Extracted records:
(* Let $f:\mathbb{R}^2\to\mathbb{R}^2$ be $C^1$. Let $R$ be a connected component of $\mathbb{R}^2\setminus f^{-1}(f(S)\cup C(f,\infty))$ and let $\Omega$ be a connected component of $\mathbb{R}^2\setminus(f(S)\cup C(f,\infty))$ such that $f(z)\in\Omega$ for some $z\in R$. Let $w\in\partial\Omega$ satisfy: (i) $w\notin C(f|_R,\infty)$; (ii) $f^{-1}(w)\cap\partial R\cap S=\varnothing$; (iii) $f^{-1}(w)\cap\partial R\neq\varnothing$; and (iv) for each $\zeta\in f^{-1}(w)\cap\partial R$ there is a neighborhood $U_\zeta$ of $\zeta$ with $f(U_\zeta\setminus R)\cap\Omega=\varnothing$. Then $w$ has exactly $\mathrm{Val}(f|_R,\Omega)$ distinct preimages on $\partial R$.
   Context: Write $f=(u,v)$; $J_f=u_xv_y-u_yv_x$ and $S=\{z\in\mathbb{R}^2: J_f(z)=0\}$. For a function $g$ defined on a set $D\subseteq\mathbb{R}^2$, $C(g,\infty)$ is the set of finite points $\zeta$ for which there is a sequence $(z_n)\subset D$ with $|z_n|\to\infty$ and $g(z_n)\to\zeta$. For $W\subseteq\mathbb{R}^2$, $\mathrm{Val}(f|_R,W)=\sup_{w\in W}\#\{z\in R: f(z)=w\}$. *)

theory Defs
  imports "HOL-Analysis.Analysis" "HOL-Library.Extended_Nat"
begin

text \<open>Jacobian determinant of f = (u,v) at z, from its derivative D = f' z:
  J = u_x v_y - u_y v_x, where u_x = (D e1)$1, v_x = (D e1)$2, u_y = (D e2)$1, v_y = (D e2)$2.\<close>
definition jac :: "(real^2 \<Rightarrow> ((real^2) \<Rightarrow>\<^sub>L (real^2))) \<Rightarrow> real^2 \<Rightarrow> real" where
  "jac f' z = (let D = blinfun_apply (f' z) in
     (D (axis 1 1)) $ 1 * (D (axis 2 1)) $ 2 - (D (axis 2 1)) $ 1 * (D (axis 1 1)) $ 2)"

definition critset :: "(real^2 \<Rightarrow> ((real^2) \<Rightarrow>\<^sub>L (real^2))) \<Rightarrow> (real^2) set" where
  "critset f' = {z. jac f' z = 0}"

definition cluster_inf :: "(real^2 \<Rightarrow> real^2) \<Rightarrow> (real^2) set \<Rightarrow> (real^2) set" where
  "cluster_inf g D = {\<zeta>. \<exists>zs. (\<forall>n. zs n \<in> D) \<and> filterlim (\<lambda>n. norm (zs n)) at_top sequentially
                          \<and> ((\<lambda>n. g (zs n)) \<longlongrightarrow> \<zeta>) sequentially}"

definition ecount :: "'a set \<Rightarrow> enat" where
  "ecount A = (if finite A then enat (card A) else \<infinity>)"

definition Val :: "(real^2 \<Rightarrow> real^2) \<Rightarrow> (real^2) set \<Rightarrow> (real^2) set \<Rightarrow> enat" where
  "Val f R W = (SUP w\<in>W. ecount {z\<in>R. f z = w})"

end

theory Submission
  imports Defs
begin

(* Let y be a value with y not in C(f|R, oo). Then f restricted to R is proper near y: preimages in R
   of values close to y stay bounded, so they can only accumulate at the compact set
   P = f^-1(y) \<inter> closure R. If f is a local homeomorphism at every point of P, then P is finite, and
   every point of P has a small neighbourhood that f maps homeomorphically onto a neighbourhood of y.
   Suppose moreover that no point of such a neighbourhood outside R maps into \<Omega>. Then every value
   y' in \<Omega> near y has exactly one preimage in R in each of these neighbourhoods and no other
   preimage in R. So #(f^-1(y') \<inter> R) = #P.
   At a point y of \<Omega> we have P \<subseteq> R and J_f does not vanish on P. This makes the fibre count
   locally constant, and hence constant on the connected set \<Omega>. At y = w, hypotheses (i), (ii)
   and (iv) identify the constant with the number of preimages of w on the frontier of R. *)

lemma finite_if_compact_locally_injective:
  assumes "compact P" and const: "\<And>x. x \<in> P \<Longrightarrow> f x = c"
    and "\<And>x. x \<in> P \<Longrightarrow> \<exists>U. open U \<and> x \<in> U \<and> inj_on f U"
  shows "finite P"
proof -
  obtain U where U: "\<And>x. x \<in> P \<Longrightarrow> open (U x) \<and> x \<in> U x \<and> inj_on f (U x)"
    using assms(3) by metis
  obtain F where F: "F \<subseteq> P" "finite F" "P \<subseteq> (\<Union>x\<in>F. U x)"
    by (rule compactE_image[OF assms(1), of P U]) (use U in auto)
  have "P \<subseteq> F"
  proof
    fix x assume x: "x \<in> P"
    then obtain x' where "x' \<in> F" "x \<in> U x'"
      using F(3) by blast
    with x F(1) U const show "x \<in> F"
      by (metis inj_onD subsetD)
  qed
  with F(2) show ?thesis
    using finite_subset by blast
qed

lemma finite_disjoint_balls:
  fixes P :: "'a::metric_space set"
  assumes "finite P"
  obtains r where "\<And>x. x \<in> P \<Longrightarrow> r x > 0"
    "\<And>x y. x \<in> P \<Longrightarrow> y \<in> P \<Longrightarrow> x \<noteq> y \<Longrightarrow> ball x (r x) \<inter> ball y (r y) = {}"
proof -
  obtain d where d: "\<And>x. x \<in> P \<Longrightarrow> d x > 0"
    "\<And>x y. x \<in> P \<Longrightarrow> y \<in> P \<Longrightarrow> y \<noteq> x \<Longrightarrow> d x \<le> dist x y"
    using finite_set_avoid[OF assms] by metis
  show ?thesis
  proof (rule that[of "\<lambda>x. d x / 2"])
    show "d x / 2 > 0" if "x \<in> P" for x
      using d(1)[OF that] by simp
    fix x y assume xy: "x \<in> P" "y \<in> P" "x \<noteq> y"
    have False if "z \<in> ball x (d x / 2)" "z \<in> ball y (d y / 2)" for z
      using that d(2)[OF xy(1,2)] d(2)[OF xy(2,1)] dist_triangle[of x y z] xy(3)
      by (simp add: dist_commute)
    then show "ball x (d x / 2) \<inter> ball y (d y / 2) = {}"
      by blast
  qed
qed

lemma card_eq_if_singleton_Int:
  assumes "finite P" and disj: "disjoint_family_on V P"
    and "F \<subseteq> (\<Union>x\<in>P. V x)" and one: "\<And>x. x \<in> P \<Longrightarrow> is_singleton (F \<inter> V x)"
  shows "finite F \<and> card F = card P"
proof -
  have F: "F = (\<Union>x\<in>P. F \<inter> V x)"
    using assms(3) by blast
  have fin: "finite (F \<inter> V x)" if "x \<in> P" for x
    using one[OF that] by (auto simp: is_singleton_def)
  have "finite F"
    using F fin assms(1) by (metis finite_UN_I)
  moreover have "card F = (\<Sum>x\<in>P. card (F \<inter> V x))"
    by (subst F, rule card_UN_disjoint) (use assms(1) fin disj in \<open>auto simp: disjoint_family_on_def\<close>)
  then have "card F = card P"
    using one by (simp add: is_singleton_altdef)
  ultimately show ?thesis ..
qed

lemma homeomorphism_inj_open_image:
  assumes "homeomorphism U V f g" "open V" "open W" "W \<subseteq> U"
  shows "inj_on f W \<and> open (f ` W)"
proof
  show "inj_on f W"
    using assms(1,4) by (metis homeomorphism_apply1 inj_on_inverseI subsetD)
  have "openin (top_of_set U) W"
    using assms(3,4) by (metis inf.absorb_iff2 openin_open_Int)
  then have "openin (top_of_set V) (f ` W)"
    by (rule homeomorphism_imp_open_map[OF assms(1)])
  then show "open (f ` W)"
    using assms(2) openin_open_trans by blast
qed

What you need to do:
Nothing should be altered. Set down all the data again.

Result of this exercise:
(* Let $f:\mathbb{R}^2\to\mathbb{R}^2$ be $C^1$. Let $R$ be a connected component of $\mathbb{R}^2\setminus f^{-1}(f(S)\cup C(f,\infty))$ and let $\Omega$ be a connected component of $\mathbb{R}^2\setminus(f(S)\cup C(f,\infty))$ such that $f(z)\in\Omega$ for some $z\in R$. Let $w\in\partial\Omega$ satisfy: (i) $w\notin C(f|_R,\infty)$; (ii) $f^{-1}(w)\cap\partial R\cap S=\varnothing$; (iii) $f^{-1}(w)\cap\partial R\neq\varnothing$; and (iv) for each $\zeta\in f^{-1}(w)\cap\partial R$ there is a neighborhood $U_\zeta$ of $\zeta$ with $f(U_\zeta\setminus R)\cap\Omega=\varnothing$. Then $w$ has exactly $\mathrm{Val}(f|_R,\Omega)$ distinct preimages on $\partial R$.
   Context: Write $f=(u,v)$; $J_f=u_xv_y-u_yv_x$ and $S=\{z\in\mathbb{R}^2: J_f(z)=0\}$. For a function $g$ defined on a set $D\subseteq\mathbb{R}^2$, $C(g,\infty)$ is the set of finite points $\zeta$ for which there is a sequence $(z_n)\subset D$ with $|z_n|\to\infty$ and $g(z_n)\to\zeta$. For $W\subseteq\mathbb{R}^2$, $\mathrm{Val}(f|_R,W)=\sup_{w\in W}\#\{z\in R: f(z)=w\}$. *)

theory Defs
  imports "HOL-Analysis.Analysis" "HOL-Library.Extended_Nat"
begin

text \<open>Jacobian determinant of f = (u,v) at z, from its derivative D = f' z:
  J = u_x v_y - u_y v_x, where u_x = (D e1)$1, v_x = (D e1)$2, u_y = (D e2)$1, v_y = (D e2)$2.\<close>
definition jac :: "(real^2 \<Rightarrow> ((real^2) \<Rightarrow>\<^sub>L (real^2))) \<Rightarrow> real^2 \<Rightarrow> real" where
  "jac f' z = (let D = blinfun_apply (f' z) in
     (D (axis 1 1)) $ 1 * (D (axis 2 1)) $ 2 - (D (axis 2 1)) $ 1 * (D (axis 1 1)) $ 2)"

definition critset :: "(real^2 \<Rightarrow> ((real^2) \<Rightarrow>\<^sub>L (real^2))) \<Rightarrow> (real^2) set" where
  "critset f' = {z. jac f' z = 0}"

definition cluster_inf :: "(real^2 \<Rightarrow> real^2) \<Rightarrow> (real^2) set \<Rightarrow> (real^2) set" where
  "cluster_inf g D = {\<zeta>. \<exists>zs. (\<forall>n. zs n \<in> D) \<and> filterlim (\<lambda>n. norm (zs n)) at_top sequentially
                          \<and> ((\<lambda>n. g (zs n)) \<longlongrightarrow> \<zeta>) sequentially}"

definition ecount :: "'a set \<Rightarrow> enat" where
  "ecount A = (if finite A then enat (card A) else \<infinity>)"

definition Val :: "(real^2 \<Rightarrow> real^2) \<Rightarrow> (real^2) set \<Rightarrow> (real^2) set \<Rightarrow> enat" where
  "Val f R W = (SUP w\<in>W. ecount {z\<in>R. f z = w})"

end

theory Submission
  imports Defs
begin

(* Let y be a value with y not in C(f|R, oo). Then f restricted to R is proper near y: preimages in R
   of values close to y stay bounded, so they can only accumulate at the compact set
   P = f^-1(y) \<inter> closure R. If f is a local homeomorphism at every point of P, then P is finite, and
   every point of P has a small neighbourhood that f maps homeomorphically onto a neighbourhood of y.
   Suppose moreover that no point of such a neighbourhood outside R maps into \<Omega>. Then every value
   y' in \<Omega> near y has exactly one preimage in R in each of these neighbourhoods and no other
   preimage in R. So #(f^-1(y') \<inter> R) = #P.
   At a point y of \<Omega> we have P \<subseteq> R and J_f does not vanish on P. This makes the fibre count
   locally constant, and hence constant on the connected set \<Omega>. At y = w, hypotheses (i), (ii)
   and (iv) identify the constant with the number of preimages of w on the frontier of R. *)

lemma finite_if_compact_locally_injective:
  assumes "compact P" and const: "\<And>x. x \<in> P \<Longrightarrow> f x = c"
    and "\<And>x. x \<in> P \<Longrightarrow> \<exists>U. open U \<and> x \<in> U \<and> inj_on f U"
  shows "finite P"
proof -
  obtain U where U: "\<And>x. x \<in> P \<Longrightarrow> open (U x) \<and> x \<in> U x \<and> inj_on f (U x)"
    using assms(3) by metis
  obtain F where F: "F \<subseteq> P" "finite F" "P \<subseteq> (\<Union>x\<in>F. U x)"
    by (rule compactE_image[OF assms(1), of P U]) (use U in auto)
  have "P \<subseteq> F"
  proof
    fix x assume x: "x \<in> P"
    then obtain x' where "x' \<in> F" "x \<in> U x'"
      using F(3) by blast
    with x F(1) U const show "x \<in> F"
      by (metis inj_onD subsetD)
  qed
  with F(2) show ?thesis
    using finite_subset by blast
qed

lemma finite_disjoint_balls:
  fixes P :: "'a::metric_space set"
  assumes "finite P"
  obtains r where "\<And>x. x \<in> P \<Longrightarrow> r x > 0"
    "\<And>x y. x \<in> P \<Longrightarrow> y \<in> P \<Longrightarrow> x \<noteq> y \<Longrightarrow> ball x (r x) \<inter> ball y (r y) = {}"
proof -
  obtain d where d: "\<And>x. x \<in> P \<Longrightarrow> d x > 0"
    "\<And>x y. x \<in> P \<Longrightarrow> y \<in> P \<Longrightarrow> y \<noteq> x \<Longrightarrow> d x \<le> dist x y"
    using finite_set_avoid[OF assms] by metis
  show ?thesis
  proof (rule that[of "\<lambda>x. d x / 2"])
    show "d x / 2 > 0" if "x \<in> P" for x
      using d(1)[OF that] by simp
    fix x y assume xy: "x \<in> P" "y \<in> P" "x \<noteq> y"
    have False if "z \<in> ball x (d x / 2)" "z \<in> ball y (d y / 2)" for z
      using that d(2)[OF xy(1,2)] d(2)[OF xy(2,1)] dist_triangle[of x y z] xy(3)
      by (simp add: dist_commute)
    then show "ball x (d x / 2) \<inter> ball y (d y / 2) = {}"
      by blast
  qed
qed

lemma card_eq_if_singleton_Int:
  assumes "finite P" and disj: "disjoint_family_on V P"
    and "F \<subseteq> (\<Union>x\<in>P. V x)" and one: "\<And>x. x \<in> P \<Longrightarrow> is_singleton (F \<inter> V x)"
  shows "finite F \<and> card F = card P"
proof -
  have F: "F = (\<Union>x\<in>P. F \<inter> V x)"
    using assms(3) by blast
  have fin: "finite (F \<inter> V x)" if "x \<in> P" for x
    using one[OF that] by (auto simp: is_singleton_def)
  have "finite F"
    using F fin assms(1) by (metis finite_UN_I)
  moreover have "card F = (\<Sum>x\<in>P. card (F \<inter> V x))"
    by (subst F, rule card_UN_disjoint) (use assms(1) fin disj in \<open>auto simp: disjoint_family_on_def\<close>)
  then have "card F = card P"
    using one by (simp add: is_singleton_altdef)
  ultimately show ?thesis ..
qed

lemma homeomorphism_inj_open_image:
  assumes "homeomorphism U V f g" "open V" "open W" "W \<subseteq> U"
  shows "inj_on f W \<and> open (f ` W)"
proof
  show "inj_on f W"
    using assms(1,4) by (metis homeomorphism_apply1 inj_on_inverseI subsetD)
  have "openin (top_of_set U) W"
    using assms(3,4) by (metis inf.absorb_iff2 openin_open_Int)
  then have "openin (top_of_set V) (f ` W)"
    by (rule homeomorphism_imp_open_map[OF assms(1)])
  then show "open (f ` W)"
    using assms(2) openin_open_trans by blast
qed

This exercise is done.